You can also get a disposable, one-day Ventra card for $10.


----------



## SarahZ (Mar 3, 2014)

http://www.transitchicago.com/travel_information/fares/unlimitedridecards.aspx


----------



## NorthShore (Mar 3, 2014)

There is a Ventra customer service location at the CTA Headquarters at Lake & Jefferson (actually, in a smaller office space off to the side on Jefferson, which is part of the larger building.) If one is going to come to Chicago more than once in any 18 month period, especially, I would recommend going there and signing up/registering a new card. Then you'll have it available when you return - and without the $5 registration penalty. Apparently, if the card is inactive for an extended period (18 months or more?) then there is a monthly maintenance charge which will start to drain any value which you have remaining stored.

Passes and value can be added at the Ventra machines, in stations, and at other locations. I just added a 30 pass at a CVS the other day. They used to sell you a mag stripe card. Now they use a Ventra tap machine connected with their register which allows the pass to be added directly to your card.

Important to know is that Ventra will automatically use any passes you have stored on its card in descending order (30 day, 7 day, 3 day, 1 day) before deducting individual fares. You don't get to choose any other ordering. So, for instance, if you wanted to use a 7 day pass which is on the card, but not start it until Monday, paying only for the individual ride you happen to use Saturday, it would be best to have a second Ventra card available for this purpose (you get to name them for online tracking.)

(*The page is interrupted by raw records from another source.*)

lemma resxor_refutation_simple_parity_red_consistent:
  assumes "cnf_over n F" "cnf_over n' G" "simple_parity_red n F n' G R" "units_consistent F"
    and "resxor_refutation n' G Ls"
  shows "\<exists>Ls'. resxor_refutation n F Ls' \<and> length Ls' \<le> 2 * n * length G + length Ls"
proof -
  obtain g0 f0 where g0: "g0 \<in> set G" "f0 \<in> set F" "subst_clause R g0 = clause_lclause f0"
    using simple_parity_red_initial_clause[OF assms(2-5)] by blast
  have "Ls \<noteq> []"
    using assms(5) by (simp add: resxor_refutation_iff)
  show ?thesis
  proof (cases "n = 0")
    case True
    then have "f0 = {}"
      using assms(1) g0(2) unfolding cnf_over_def by fastforce
    then show ?thesis
      using resxor_refutation_empty_clause g0(2) \<open>Ls \<noteq> []\<close>
      by (intro exI[of _ "[{}]"]) (simp add: Suc_leI)
  next
    case False
    obtain P where P: "resxor_derivation n F P" "length P \<le> n + 1" "clause_lclause f0 \<in> set P"
      "\<forall>v b. {(v, b)} \<in> set F \<longrightarrow> {({v}, b)} \<in> set P"
      using resxor_derivation_unit_prefix[OF assms(1,4) g0(2)] by blast
    have "P \<noteq> []"
      using P(3) by auto
    then obtain Q where Q: "resxor_derivation n F (P @ Q)"
      "length Q \<le> length (remove1 g0 G) * (2 * n - 1)"
      "\<forall>g\<in>set (remove1 g0 G). subst_clause R g \<in> set (P @ Q)"
      using resxor_derivation_subst_clauses[OF assms(1-4) set_remove1_subset _ P(1) _ P(4)] False
      by blast
    have "\<forall>g\<in>set G. subst_clause R g \<in> set (P @ Q)"
      using Q(3) P(3) g0(3) by (metis Un_iff in_set_remove1 set_append)
    then have "resxor_derivation n F ((P @ Q) @ map (subst_lclause R) Ls)"
      using assms(3,5) Q(1) resxor_derivation_subst_lclause
      unfolding simple_parity_red_def resxor_refutation_iff by blast
    moreover have "length P + length Q \<le> 2 * n * length G"
    proof -
      obtain k j where "length G = Suc k" "n = Suc j"
        using False length_pos_if_in_set[OF g0(1)] by (metis gr0_implies_Suc neq0_conv)
      then show ?thesis
        using P(2) Q(2) g0(1) by (simp add: length_remove1 algebra_simps)
    qed
    ultimately show ?thesis
      using assms(5) \<open>Ls \<noteq> []\<close>
      by (intro exI[of _ "(P @ Q) @ map (subst_lclause R) Ls"])
        (auto simp: resxor_refutation_iff last_map length_remove1)
  qed
qed
text \<open>In the plane, via \<open>(y, t) \<mapsto> (z y, c t)\<close>, the rational sup condition puts the image of
  \<open>A\<close> into the closure of the image of \<open>convex hull B\<close>, and lying in the slice of the cut is an
  open condition there.\<close>

lemma fst_cut_slice_meets_convex_hull:
  fixes A B :: "('a::real_normed_vector \<times> real) set" and z :: "'a \<Rightarrow> real"
  assumes "convex A" "bounded A" "B \<subseteq> A" "B \<noteq> {}" "c \<in> \<rat>"
    and "bounded_linear z" "e > 0" "fst_cut A c r \<noteq> {}"
    and Sup_le: "\<And>a b. a \<in> \<rat> \<Longrightarrow> b \<in> \<rat> \<Longrightarrow>
      Sup ((\<lambda>p. a * z (fst p) + b * snd p) ` A) \<le> Sup ((\<lambda>p. a * z (fst p) + b * snd p) ` B)"
  shows "fst_cut (convex hull B) c r \<inter> slice (fst_cut A c r) z e \<noteq> {}"
proof -
  define \<Phi> where "\<Phi> = (\<lambda>p::'a \<times> real. (z (fst p), c * snd p))"
  have "bounded_linear \<Phi>" unfolding \<Phi>_def
    by (intro bounded_linear_Pair bounded_linear_compose[OF \<open>bounded_linear z\<close> bounded_linear_fst]
        bounded_linear_const_mult bounded_linear_snd)
  have "\<Phi> ` A \<subseteq> closure (convex hull (\<Phi> ` B))"
  proof (rule subset_closure_convex_hull_if_rational_Sup_le)
    show "bounded (\<Phi> ` A)" using \<open>bounded A\<close> \<open>bounded_linear \<Phi>\<close> by (rule bounded_linear_image)
    show "\<Phi> ` B \<subseteq> \<Phi> ` A" "\<Phi> ` B \<noteq> {}" using \<open>B \<subseteq> A\<close> \<open>B \<noteq> {}\<close> by auto
    fix a b :: real assume "a \<in> \<rat>" "b \<in> \<rat>"
    then have "b * c \<in> \<rat>" using \<open>c \<in> \<rat>\<close> by simp
    then show "Sup ((\<lambda>x. a * fst x + b * snd x) ` \<Phi> ` A) \<le> Sup ((\<lambda>x. a * fst x + b * snd x) ` \<Phi> ` B)"
      using Sup_le[OF \<open>a \<in> \<rat>\<close> \<open>b * c \<in> \<rat>\<close>] by (simp add: \<Phi>_def image_image mult.assoc)
  qed
  then have closure_hull: "\<Phi> ` A \<subseteq> closure (\<Phi> ` (convex hull B))"
    by (simp add: convex_hull_linear_image bounded_linear.linear[OF \<open>bounded_linear \<Phi>\<close>])
  define s where "s = Sup (z ` fst_cut A c r) - e"
  obtain p where "p \<in> A" "r < c * snd p" "s < z (fst p)"
    using less_cSupD[of "z ` fst_cut A c r" s] \<open>fst_cut A c r \<noteq> {}\<close> \<open>e > 0\<close>
    by (auto simp: s_def fst_cut_def)
  define U where "U = {x::real \<times> real. s < fst x \<and> r < snd x}"
  have "open U" unfolding U_def by (intro open_Collect_conj open_Collect_less continuous_intros)
  moreover have "\<Phi> p \<in> U \<inter> closure (\<Phi> ` (convex hull B))"
    using \<open>p \<in> A\<close> closure_hull \<open>r < c * snd p\<close> \<open>s < z (fst p)\<close> by (auto simp: U_def \<Phi>_def)
  ultimately obtain d where "d \<in> convex hull B" "\<Phi> d \<in> U"
    using open_Int_closure_eq_empty[of U] by blast
  moreover have "convex hull B \<subseteq> A" using \<open>B \<subseteq> A\<close> \<open>convex A\<close> by (rule hull_minimal)
  ultimately have "fst d \<in> slice (fst_cut A c r) z e" "fst d \<in> fst_cut (convex hull B) c r"
    by (auto simp: slice_def fst_cut_def U_def \<Phi>_def s_def)
  then show ?thesis by blast
qed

At the moment, Chicago Cards and mag stripe Transit Cards can still be reloaded, but at limited values. I think you can even still buy a mag stripe card at a station (though not use it as a day pass of any sort.) CTA has announced that there is now (again) a planned phase out transitioning, as they have accepted Ventra's standards as finally working and acceptable. However, I am unaware of any details of this yet.


----------



## SubwayNut (Mar 9, 2014)

I guess I got spoiled on my last two Chicago by those $8 or $9 CTA 3-day passes from Groupon. The last time I earned me a grand total of 8 AGR points since Groupon is in the AGR on line mall.


----------



## CTANut (Dec 3, 2019)

Ventra passes are available at all stations in a single ride and day pass in ticket format, and in 3 day pass ticket format at OHare and Midway station. Anywhere else, you will need to purchase a Ventra card to get a 3 day pass. However, if you buy a card, load $15 on it, register it, and then buy a 3 day pass with transit value, you pay the same price as the 3 day ticket. There is also a 7 day ticket, but that is available only to groups.


----------